The last two weeks she has been very good at night in settling down and going to sleep. Of course she has to get up and potty a couple of times in the middle of the night, but nothing out of the ordinary.

Over the last few days we have been taking her for a brief 15-minute walk about 30 minutes before bed. The last couple nights she has been very restless, not wanting to lay still, but to get up and walk around. She'll eventually settle after 15 minutes or so but it's frustrating - especially as we are living on little sleep anyway with the nighttime potty breaks!

When she comes in from her middle of the night potty breaks she is also restless for a bit. (Again, this is new behavior - she used to just come right in and go back to sleep).

My question is - is the walk really just revving her up instead of wearing her out as I expected? Would it be better to walk her earlier than we are now? I was trying to do it as close to bed as possible so she would come in and crash.


----------



## Spirit_of_Cotons (Jun 21, 2009)

1. I'd crate her at night since she's that young, if she's used to a crate. We put our little guy in a crate and he had to hold it all night. Granted we'd wake up early enough to let him out in the morning, but it'll save you the times you have to get up in the night to let your little girl out.

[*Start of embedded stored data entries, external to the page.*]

(* For any sequence $1>r_1>r_2>\cdots$ decreasing to $0$, there is a distribution $\boldsymbol{\mu}\in\Delta_\mathbb{N}$ such that $2\,\mathbb{E}_{\boldsymbol{X}\sim\boldsymbol{\mu}^m}\|\boldsymbol{\mu}-\widehat{\boldsymbol{\mu}}_m\|_{TV}>r_m$ for all $m\ge1$.
   Context: $\Delta_\mathbb{N}$ is the set of probability distributions on $\mathbb{N}=\{1,2,\dots\}$. $\widehat{\boldsymbol{\mu}}_m(i)=\frac1m\sum_{t=1}^m\mathbb{I}\{X_t=i\}$ for $\boldsymbol{X}=(X_1,\dots,X_m)$. $\|\boldsymbol{\mu}-\boldsymbol{\nu}\|_{TV}=\frac12\sum_i|\boldsymbol{\mu}(i)-\boldsymbol{\nu}(i)|$. *)

theory Defs
  imports "HOL-Probability.Probability"
begin

definition emp_dist :: "nat \<Rightarrow> (nat \<Rightarrow> nat) \<Rightarrow> nat \<Rightarrow> real" where
  "emp_dist m X i = (1 / real m) * real (card {t \<in> {1..m}. X t = i})"

definition tv_dist :: "nat pmf \<Rightarrow> (nat \<Rightarrow> real) \<Rightarrow> real" where
  "tv_dist \<mu> \<nu> = (1/2) * (\<Sum>\<^sub>\<infinity>i\<in>{1::nat..}. \<bar>pmf \<mu> i - \<nu> i\<bar>)"

text \<open>m i.i.d. samples from mu, as a pmf on functions {1..m} -> N (value 0 outside).\<close>
definition sample_pmf :: "nat pmf \<Rightarrow> nat \<Rightarrow> (nat \<Rightarrow> nat) pmf" where
  "sample_pmf \<mu> m = Pi_pmf {1..m} 0 (\<lambda>_. \<mu>)"

end

theory Submission
  imports Defs
begin
lemma pair_link_degree_bound:
  assumes F: "cocycle 3 W F" and x: "x \<in> W" and u: "u \<in> W" "u \<noteq> x"
  shows "card (pair_link W F x u) * (card W - card (pair_link W F x u)) \<le> degree F x + degree F u"
proof -
  define N where "N = pair_link W F x u"
  define E where "E = {t\<in>F. x \<in> t \<longleftrightarrow> u \<notin> t}"
  have finW: "finite W" using F unfolding cocycle_def by simp
  have NW: "N \<subseteq> W - {x,u}" unfolding N_def by (rule pair_link_subset[OF F])
  have "degree F x + degree F u = 2 * card N + card E"
  proof -
    have "{t\<in>F. (x \<in> t \<longleftrightarrow> u \<notin> t) \<and> x \<in> t} = {t\<in>F. x \<in> t \<and> u \<notin> t}"
      "{t\<in>F. (x \<in> t \<longleftrightarrow> u \<notin> t) \<and> x \<notin> t} = {t\<in>F. u \<in> t \<and> x \<notin> t}" by auto
    then have "card E = card {t\<in>F. x \<in> t \<and> u \<notin> t} + card {t\<in>F. u \<in> t \<and> x \<notin> t}"
      using card_filter_split[OF cocycle_finite[OF F], of "\<lambda>t. x \<in> t \<longleftrightarrow> u \<notin> t" "\<lambda>t. x \<in> t"]
      unfolding E_def by simp
    then show ?thesis
      using degree_eq_pair_link[OF F u(2)] degree_eq_pair_link[OF F u(2)[symmetric]]
      unfolding N_def pair_link_commute[of W F u x] by simp
  qed
  moreover have "card W - card N = card (W - {x,u} - N) + 2"
  proof -
    have "2 \<le> card W" using card_mono[OF finW, of "{x,u}"] x u by simp
    moreover have "card (W - {x,u}) = card W - 2" using x u finW by (simp add: card_Diff_subset)
    ultimately show ?thesis using NW finW card_mono[of "W - {x,u}" N]
      by (simp add: card_Diff_subset finite_subset)
  qed
  ultimately show ?thesis
    using card_pair_link_mult_le[OF F x u] unfolding N_def[symmetric] E_def[symmetric]
    by (simp add: algebra_simps)
qed

lemma card_opposite_points_ge:
  assumes F: "cocycle 3 W F" and p: "p \<in> F" "p = {x,a,b}" "distinct [x,a,b]"
    and D: "\<forall>u\<in>W - {x}. card (pair_link W F x u) \<le> D"
  shows "card W - 1 - 2 * D \<le> card {z\<in>W - p. \<forall>y\<in>p - {x}. {x,y,z} \<notin> F}"
proof -
  define Na where "Na = pair_link W F x a"
  define Nb where "Nb = pair_link W F x b"
  have finW: "finite W" using F unfolding cocycle_def by simp
  have pW: "p \<subseteq> W" using cocycle_member[OF F p(1)] by simp
  have "{z\<in>W - p. \<forall>y\<in>p - {x}. {x,y,z} \<notin> F} = W - p - (Na - {b}) - (Nb - {a})"
    unfolding Na_def Nb_def pair_link_def using p(2,3) by auto
  moreover have "b \<in> Na" "a \<in> Nb" using p pW unfolding Na_def Nb_def pair_link_def
    by (auto simp: insert_commute)
  moreover have "card Na \<le> D" "card Nb \<le> D" using D p(2,3) pW unfolding Na_def Nb_def by auto
  moreover have "finite Na" "finite Nb" using finW unfolding Na_def Nb_def pair_link_def by auto
  moreover have "1 \<le> card Na" "1 \<le> card Nb"
    using calculation(2-3,6-7) by (simp_all add: Suc_le_eq card_gt_0_iff) blast+
  moreover have "card (W - p) = card W - 3" using pW finW cocycle_member[OF F p(1)]
    by (simp add: card_Diff_subset)
  ultimately show ?thesis
    using diff_card_le_card_Diff[of "Na - {b}" "W - p"]
      diff_card_le_card_Diff[of "Nb - {a}" "W - p - (Na - {b})"]
    by simp
qed

lemma opposite_triangle_mem:
  assumes F: "cocycle 3 W F" and x: "x \<in> W" and p: "p \<in> F" "x \<in> p"
    and z: "z \<in> W - p" "\<forall>y\<in>p - {x}. {x,y,z} \<notin> F"
  shows "insert z (p - {x}) \<in> F"
proof -
  obtain a b where ab: "p = {x,a,b}" "distinct [x,a,b]" "a \<in> W" "b \<in> W"
    using cocycle_3_memberE[OF F p] by blast
  then have "{x,a,b,z} \<subseteq> W" "distinct [x,a,b,z]" "{x,a,z} \<notin> F" "{x,b,z} \<notin> F"
    using x z by auto
  then have "{a,b,z} \<in> F" using cocycle_3_parity[OF F, of x a b z] p(1) ab(1) by simp
  moreover have "insert z (p - {x}) = {a,b,z}" using ab by auto
  ultimately show ?thesis by simp
qed

(* the pair p - {x} is the only pair of the triangle that spans a triple with x,
   so the triangle determines p and z *)
lemma inj_on_opposite_triangles:
  assumes F: "cocycle 3 W F"
  shows "inj_on (\<lambda>(p,z). insert z (p - {x}))
    (SIGMA p:{t\<in>F. x \<in> t}. {z\<in>W - p. \<forall>y\<in>p - {x}. {x,y,z} \<notin> F})"
proof (rule inj_onI, clarify)
  fix p z p' z'
  assume p: "p \<in> F" "x \<in> p" "z \<in> W" "z \<notin> p" "\<forall>y\<in>p - {x}. {x,y,z} \<notin> F"
    and p': "p' \<in> F" "x \<in> p'" "z' \<notin> p'"
    and eq: "insert z (p - {x}) = insert z' (p' - {x})"
  show "p = p' \<and> z = z'"
  proof (cases "z = z'")
    case True
    then have "p - {x} = p' - {x}" using eq p(4) p'(3) by (simp add: insert_ident)
    then show ?thesis using True p(2) p'(2) by (metis insert_Diff)
  next
    case False
    then have "z \<in> p' - {x}" using eq p(2,4) by blast
    moreover obtain a b where ab: "p' = {x,a,b}" "distinct [x,a,b]"
      using cocycle_3_memberE[OF F p'(1,2)] by blast
    ultimately obtain y where y: "{x,y,z} = p'" "y \<noteq> z" "y \<noteq> x"
      by (auto simp: insert_commute)
    then have "y \<in> p - {x}" using eq by blast
    then show ?thesis using p(5) p'(1) y(1) by blast
  qed
qed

2. I think night walks are fine. Personally I think you're walking too long at night so she can wake up. We take Luke out at 10pm before bed and it's a little potty walk, 5min tops. Than what my father does is try to tire him out or don't pay any attention to them as they'll soon see your schedule and go by it. 
Once your dog looks tired, put her in the crate or wherever you put her and go to bed yourself. 

This works for us. If you crate her, she will whine for about a week or so, but it will die down after she gets the hint of "oh s/he'll come in the morning for me!" 

So that's what I would do, but if you don't want to do it that way. Then reduce her night walks and when you bring her back in either get her really tired (ex: play with her, run her throughout your house, etc) or ignore her. Our dog is now 7mon old and he's finally into our routine. So yours will get into your routine soon too. Hope this helps.


----------



## Polly1956 (Nov 13, 2008)

I agree with Spirit of Cotons, crating your puppy helps with toilet training.

Just a small tip - have you tried removing her water bowl at night? Removing it at around 6 or 7:00pm should do the trick.

Hope this helps.

Pauline


----------